You might be thinking, “But ChatGPT remembers me — it refers to things I said last week?” Some products offer persistent layers like Memory or Project Memory beyond the context window. These are information fragments carried between conversations — your name, preferences, recurring instructions, and so on. But this memory isn’t magic either: the stored information is added to the context window as part of the context when generating a response. So ultimately, it’s still subject to the same window limits.
3. Temperature: The Creativity Dial
Temperature determines the level of randomness in an LLM’s responses. Low temperature (close to 0) produces more predictable, consistent answers. High temperature produces more creative but riskier outputs. The upper limit varies by model: OpenAI and Google models work in a 0–2 range, while Claude stays within 0–1.
Let’s try the same prompt at different temperatures — “Describe in one sentence the relationship between the arrival of spring and the release of a new version of a program”:
Temperature 0: “Just as spring brings new vitality and freshness to nature, a new version of a program offers users a fresh start where bugs are fixed, features are improved, and the experience is renewed.”
Temperature 1: “Both bring innovations, improvements, and renewal after a long waiting period; however, users should still be prepared to encounter a few bugs along the way. 🌸💻”
The first is safe and predictable; the second is creative enough to use emojis.
When writing code, low temperature is generally preferred. This ensures the model produces more consistent and predictable outputs. However, slightly higher values can be useful when you want to explore alternative solutions. When brainstorming, you want high temperature — your chances of encountering surprising ideas increase. Although most systems now manage this setting in the background, knowing how it works helps us understand why we sometimes get “robotic” and sometimes “outlandish” responses.
4. Hallucination: Why Does It Say Wrong Things So Confidently?

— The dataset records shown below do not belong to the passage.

lemma (in prob_space) integral_square_sum_indep_centered:
  fixes G :: "'i \<Rightarrow> 'a \<Rightarrow> real"
  assumes "finite J" and indep: "indep_vars (\<lambda>_. borel) G J"
    and sq: "\<And>i. i \<in> J \<Longrightarrow> integrable M (\<lambda>x. (G i x)\<^sup>2)"
    and centered: "\<And>i. i \<in> J \<Longrightarrow> expectation (G i) = 0"
  shows "expectation (\<lambda>x. (\<Sum>i\<in>J. a i * G i x)\<^sup>2) = (\<Sum>i\<in>J. (a i)\<^sup>2 * expectation (\<lambda>x. (G i x)\<^sup>2))"
proof -
  have meas: "G i \<in> borel_measurable M" if "i \<in> J" for i
    using indep that unfolding indep_vars_def by auto
  have int: "integrable M (G i)" if "i \<in> J" for i
    using meas[OF that] sq[OF that] by (rule square_integrable_imp_integrable)
  have uncorrelated: "expectation (\<lambda>x. G i x * G j x) = 0" if "i \<in> J" "j \<in> J" "i \<noteq> j" for i j
  proof -
    have "indep_vars (\<lambda>_. borel) G {i, j}"
      using that by (intro indep_vars_subset[OF indep]) auto
    then have "expectation (\<lambda>x. \<Prod>k\<in>{i, j}. G k x) = (\<Prod>k\<in>{i, j}. expectation (G k))"
      by (rule indep_vars_lebesgue_integral[rotated]) (use int that in auto)
    then show ?thesis using that centered by simp
  qed
  have "(\<Sum>k\<in>J. a i * a k * expectation (\<lambda>x. G i x * G k x))
      = (a i)\<^sup>2 * expectation (\<lambda>x. (G i x)\<^sup>2)" if "i \<in> J" for i
    using that \<open>finite J\<close>
    by (subst sum.remove[of J i]) (auto simp: power2_eq_square intro!: sum.neutral dest: uncorrelated[of i])
  then show ?thesis
    using meas sq by (simp add: integral_square_sum)
qed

An LLM is not an encyclopedia. It doesn’t memorize information and recall it. At each token generation, it answers the question “What is the most likely next token?” This is a probability calculation, not information retrieval.
This is exactly where hallucination comes from. The model can produce an answer that “looks correct” statistically but doesn’t actually exist in reality. It gives the name of a nonexistent library, cites a fabricated source — and does so in an extremely convincing tone. Because its job is to produce convincing text, not to provide accurate information.
Why it matters: Instead of trusting LLM output as “correct,” you should approach it as “plausible.” You should always verify critical information.
Where Does This Knowledge Take You?
Knowing these concepts takes you from being an “AI user” to being a “conscious AI user.” When you know about the context window limit, you understand when to reset the conversation. When you know about hallucination, you don’t blindly accept the output. When you know about temperature, you adjust the tool according to the type of task.
An LLM is not a thinking machine — it’s a prediction machine. But if you know how it predicts, you can make its predictions work in your favor.
So how are these limitations being overcome? RAG, Tool Use, Agentic AI — we’ll cover the approaches the industry is building on top of these concepts in the next article.
Which of these four concepts do you feel the absence of most in your daily usage? The forgetting of context, or hallucinations?